Activity - Filter the entries below down to the lines that hold "lemma".

───

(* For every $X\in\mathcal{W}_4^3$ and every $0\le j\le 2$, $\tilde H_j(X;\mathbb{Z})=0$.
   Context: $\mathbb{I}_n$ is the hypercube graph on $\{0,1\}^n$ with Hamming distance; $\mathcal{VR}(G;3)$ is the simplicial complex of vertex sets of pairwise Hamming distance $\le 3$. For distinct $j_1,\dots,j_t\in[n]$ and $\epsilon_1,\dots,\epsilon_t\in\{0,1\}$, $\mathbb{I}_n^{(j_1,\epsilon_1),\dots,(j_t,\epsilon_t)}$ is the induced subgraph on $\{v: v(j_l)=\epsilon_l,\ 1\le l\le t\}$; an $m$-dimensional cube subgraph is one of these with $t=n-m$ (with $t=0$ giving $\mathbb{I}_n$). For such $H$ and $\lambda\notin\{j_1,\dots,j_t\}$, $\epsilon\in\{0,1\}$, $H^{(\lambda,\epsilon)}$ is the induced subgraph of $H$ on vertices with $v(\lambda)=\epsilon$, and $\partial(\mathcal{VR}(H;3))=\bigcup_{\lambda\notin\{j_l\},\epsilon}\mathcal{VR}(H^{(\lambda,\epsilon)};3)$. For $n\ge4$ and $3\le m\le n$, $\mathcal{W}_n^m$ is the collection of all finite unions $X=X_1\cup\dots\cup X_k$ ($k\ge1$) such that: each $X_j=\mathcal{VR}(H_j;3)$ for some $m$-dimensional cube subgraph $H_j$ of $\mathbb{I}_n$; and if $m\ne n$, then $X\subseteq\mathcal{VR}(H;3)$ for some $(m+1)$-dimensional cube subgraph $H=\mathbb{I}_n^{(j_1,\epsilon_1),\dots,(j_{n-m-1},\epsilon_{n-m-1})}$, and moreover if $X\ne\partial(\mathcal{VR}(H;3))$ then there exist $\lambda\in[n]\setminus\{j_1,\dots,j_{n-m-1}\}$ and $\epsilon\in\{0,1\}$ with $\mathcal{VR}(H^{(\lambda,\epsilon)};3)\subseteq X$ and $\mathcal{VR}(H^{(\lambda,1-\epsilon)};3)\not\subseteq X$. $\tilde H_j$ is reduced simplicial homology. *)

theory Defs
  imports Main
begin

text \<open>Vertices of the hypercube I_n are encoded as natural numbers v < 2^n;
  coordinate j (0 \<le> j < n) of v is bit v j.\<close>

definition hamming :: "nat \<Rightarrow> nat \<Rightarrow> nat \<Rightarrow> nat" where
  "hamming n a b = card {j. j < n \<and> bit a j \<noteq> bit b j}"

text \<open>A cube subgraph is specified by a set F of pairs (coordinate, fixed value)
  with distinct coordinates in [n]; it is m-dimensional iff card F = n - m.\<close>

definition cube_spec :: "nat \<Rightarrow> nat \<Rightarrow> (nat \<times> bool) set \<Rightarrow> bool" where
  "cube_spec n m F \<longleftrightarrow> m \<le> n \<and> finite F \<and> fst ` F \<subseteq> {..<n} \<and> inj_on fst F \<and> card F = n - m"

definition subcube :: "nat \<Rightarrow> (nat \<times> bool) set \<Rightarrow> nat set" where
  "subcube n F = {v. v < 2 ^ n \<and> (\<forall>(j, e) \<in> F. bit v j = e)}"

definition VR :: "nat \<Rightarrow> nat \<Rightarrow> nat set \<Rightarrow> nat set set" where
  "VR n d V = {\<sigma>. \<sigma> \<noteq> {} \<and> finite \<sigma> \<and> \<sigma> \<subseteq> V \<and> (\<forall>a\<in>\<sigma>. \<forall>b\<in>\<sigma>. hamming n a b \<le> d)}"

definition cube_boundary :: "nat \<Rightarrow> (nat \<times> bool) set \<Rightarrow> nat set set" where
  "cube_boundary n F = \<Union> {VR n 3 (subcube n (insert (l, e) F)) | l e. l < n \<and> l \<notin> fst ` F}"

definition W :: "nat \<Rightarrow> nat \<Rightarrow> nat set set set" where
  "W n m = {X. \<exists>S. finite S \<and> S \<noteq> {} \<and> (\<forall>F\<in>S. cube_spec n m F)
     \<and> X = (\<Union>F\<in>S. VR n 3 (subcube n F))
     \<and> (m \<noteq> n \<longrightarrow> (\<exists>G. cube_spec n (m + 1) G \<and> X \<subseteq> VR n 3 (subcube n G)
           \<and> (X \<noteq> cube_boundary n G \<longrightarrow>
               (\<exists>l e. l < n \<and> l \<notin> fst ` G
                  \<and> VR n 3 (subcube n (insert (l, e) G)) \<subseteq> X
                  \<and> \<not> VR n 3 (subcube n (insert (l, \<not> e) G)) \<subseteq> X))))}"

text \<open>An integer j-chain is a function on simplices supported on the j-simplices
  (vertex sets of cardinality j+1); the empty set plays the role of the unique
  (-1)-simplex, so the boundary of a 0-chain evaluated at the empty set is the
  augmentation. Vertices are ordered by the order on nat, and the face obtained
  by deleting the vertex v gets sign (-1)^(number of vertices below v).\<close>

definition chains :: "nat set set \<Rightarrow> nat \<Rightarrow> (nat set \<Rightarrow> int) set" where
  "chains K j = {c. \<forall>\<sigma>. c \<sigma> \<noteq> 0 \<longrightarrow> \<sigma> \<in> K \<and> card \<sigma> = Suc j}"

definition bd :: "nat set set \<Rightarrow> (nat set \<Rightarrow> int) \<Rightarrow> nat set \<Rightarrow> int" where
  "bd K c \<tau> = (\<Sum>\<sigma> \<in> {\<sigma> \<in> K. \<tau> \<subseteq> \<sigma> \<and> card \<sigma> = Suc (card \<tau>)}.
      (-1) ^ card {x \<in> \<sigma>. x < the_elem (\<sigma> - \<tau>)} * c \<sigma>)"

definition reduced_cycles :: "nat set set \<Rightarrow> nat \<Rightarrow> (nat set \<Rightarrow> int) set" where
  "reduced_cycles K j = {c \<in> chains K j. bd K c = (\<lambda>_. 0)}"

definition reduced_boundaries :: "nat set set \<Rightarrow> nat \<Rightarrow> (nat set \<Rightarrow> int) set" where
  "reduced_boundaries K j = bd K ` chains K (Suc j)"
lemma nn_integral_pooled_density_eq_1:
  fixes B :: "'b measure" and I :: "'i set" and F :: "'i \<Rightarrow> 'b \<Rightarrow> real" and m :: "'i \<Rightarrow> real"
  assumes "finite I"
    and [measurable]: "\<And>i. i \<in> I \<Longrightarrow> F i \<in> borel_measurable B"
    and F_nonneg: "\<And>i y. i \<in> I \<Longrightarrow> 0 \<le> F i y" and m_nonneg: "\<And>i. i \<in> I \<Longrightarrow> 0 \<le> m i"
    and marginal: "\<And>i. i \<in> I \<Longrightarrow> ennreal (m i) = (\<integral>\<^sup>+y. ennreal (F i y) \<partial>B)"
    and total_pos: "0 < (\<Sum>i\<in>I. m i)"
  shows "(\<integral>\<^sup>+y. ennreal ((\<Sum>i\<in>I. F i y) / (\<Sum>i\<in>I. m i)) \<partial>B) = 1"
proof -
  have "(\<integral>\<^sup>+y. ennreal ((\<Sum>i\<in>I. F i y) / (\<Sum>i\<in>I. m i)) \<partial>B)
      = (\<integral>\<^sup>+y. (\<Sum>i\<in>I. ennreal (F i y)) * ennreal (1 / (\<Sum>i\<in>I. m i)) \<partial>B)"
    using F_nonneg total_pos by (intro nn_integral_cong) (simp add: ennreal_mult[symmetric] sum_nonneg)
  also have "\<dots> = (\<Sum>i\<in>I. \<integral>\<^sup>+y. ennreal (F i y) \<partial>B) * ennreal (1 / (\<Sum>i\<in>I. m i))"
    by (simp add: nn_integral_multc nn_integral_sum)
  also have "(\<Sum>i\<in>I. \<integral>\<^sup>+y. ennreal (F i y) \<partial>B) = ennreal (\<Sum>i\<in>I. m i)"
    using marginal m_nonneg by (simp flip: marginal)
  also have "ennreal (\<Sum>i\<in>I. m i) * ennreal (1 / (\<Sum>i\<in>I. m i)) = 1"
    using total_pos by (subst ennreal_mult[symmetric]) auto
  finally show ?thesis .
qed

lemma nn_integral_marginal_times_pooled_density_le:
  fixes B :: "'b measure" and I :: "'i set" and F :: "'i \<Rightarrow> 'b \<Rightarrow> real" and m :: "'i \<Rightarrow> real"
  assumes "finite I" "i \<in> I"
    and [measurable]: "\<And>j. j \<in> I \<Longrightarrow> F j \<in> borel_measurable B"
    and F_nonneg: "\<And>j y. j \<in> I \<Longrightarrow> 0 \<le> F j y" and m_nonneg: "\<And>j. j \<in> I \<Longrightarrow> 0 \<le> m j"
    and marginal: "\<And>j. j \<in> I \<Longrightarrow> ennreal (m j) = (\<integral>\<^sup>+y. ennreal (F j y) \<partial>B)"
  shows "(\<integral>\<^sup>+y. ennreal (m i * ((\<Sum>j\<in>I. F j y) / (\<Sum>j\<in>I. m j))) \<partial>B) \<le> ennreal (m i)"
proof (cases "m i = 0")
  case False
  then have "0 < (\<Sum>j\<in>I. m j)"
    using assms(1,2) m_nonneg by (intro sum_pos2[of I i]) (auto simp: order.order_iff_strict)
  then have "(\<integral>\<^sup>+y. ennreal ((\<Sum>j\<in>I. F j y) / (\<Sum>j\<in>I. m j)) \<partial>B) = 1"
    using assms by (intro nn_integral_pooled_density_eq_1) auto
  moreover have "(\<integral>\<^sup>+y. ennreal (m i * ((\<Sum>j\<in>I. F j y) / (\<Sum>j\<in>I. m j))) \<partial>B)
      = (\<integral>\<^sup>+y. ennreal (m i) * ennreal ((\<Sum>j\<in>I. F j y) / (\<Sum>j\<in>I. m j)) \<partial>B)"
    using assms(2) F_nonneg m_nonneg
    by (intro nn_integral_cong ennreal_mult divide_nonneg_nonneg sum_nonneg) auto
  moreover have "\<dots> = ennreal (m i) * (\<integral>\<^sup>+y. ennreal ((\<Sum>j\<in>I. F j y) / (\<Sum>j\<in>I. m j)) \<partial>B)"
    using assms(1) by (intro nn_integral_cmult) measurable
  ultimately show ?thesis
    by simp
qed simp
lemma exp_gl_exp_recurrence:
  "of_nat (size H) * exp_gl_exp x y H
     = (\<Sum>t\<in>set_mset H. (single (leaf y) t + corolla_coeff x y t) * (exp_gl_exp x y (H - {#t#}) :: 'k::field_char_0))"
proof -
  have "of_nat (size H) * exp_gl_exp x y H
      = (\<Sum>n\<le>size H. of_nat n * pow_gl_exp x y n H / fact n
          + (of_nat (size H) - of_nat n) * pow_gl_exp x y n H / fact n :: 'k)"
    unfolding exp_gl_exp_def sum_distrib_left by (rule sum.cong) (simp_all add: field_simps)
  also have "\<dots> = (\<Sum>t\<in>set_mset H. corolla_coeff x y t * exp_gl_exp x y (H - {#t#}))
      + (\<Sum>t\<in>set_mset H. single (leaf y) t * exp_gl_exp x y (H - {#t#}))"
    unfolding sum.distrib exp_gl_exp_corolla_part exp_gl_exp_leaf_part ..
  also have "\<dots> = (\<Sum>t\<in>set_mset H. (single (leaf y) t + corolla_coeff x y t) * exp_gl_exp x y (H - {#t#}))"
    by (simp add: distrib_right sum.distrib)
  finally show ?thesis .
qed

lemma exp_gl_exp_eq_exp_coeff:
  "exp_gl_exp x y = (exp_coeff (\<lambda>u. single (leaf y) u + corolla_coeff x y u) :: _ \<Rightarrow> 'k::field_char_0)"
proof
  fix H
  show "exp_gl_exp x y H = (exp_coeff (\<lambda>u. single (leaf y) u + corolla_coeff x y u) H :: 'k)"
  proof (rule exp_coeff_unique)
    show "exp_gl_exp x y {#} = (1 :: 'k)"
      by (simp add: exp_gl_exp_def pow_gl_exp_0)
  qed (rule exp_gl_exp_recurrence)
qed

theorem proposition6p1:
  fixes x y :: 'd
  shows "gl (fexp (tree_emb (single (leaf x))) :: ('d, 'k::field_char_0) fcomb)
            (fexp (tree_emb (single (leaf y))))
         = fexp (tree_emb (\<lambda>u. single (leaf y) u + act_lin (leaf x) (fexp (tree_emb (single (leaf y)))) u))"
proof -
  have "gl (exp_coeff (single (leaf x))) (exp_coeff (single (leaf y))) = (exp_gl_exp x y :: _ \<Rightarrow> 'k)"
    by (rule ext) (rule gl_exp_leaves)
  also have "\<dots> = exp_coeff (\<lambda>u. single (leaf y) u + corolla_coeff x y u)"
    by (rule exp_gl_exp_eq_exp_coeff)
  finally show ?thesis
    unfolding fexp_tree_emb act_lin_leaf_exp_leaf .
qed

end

───

Exercise response -
lemma nn_integral_pooled_density_eq_1:
lemma nn_integral_marginal_times_pooled_density_le:
lemma exp_gl_exp_recurrence:
lemma exp_gl_exp_eq_exp_coeff:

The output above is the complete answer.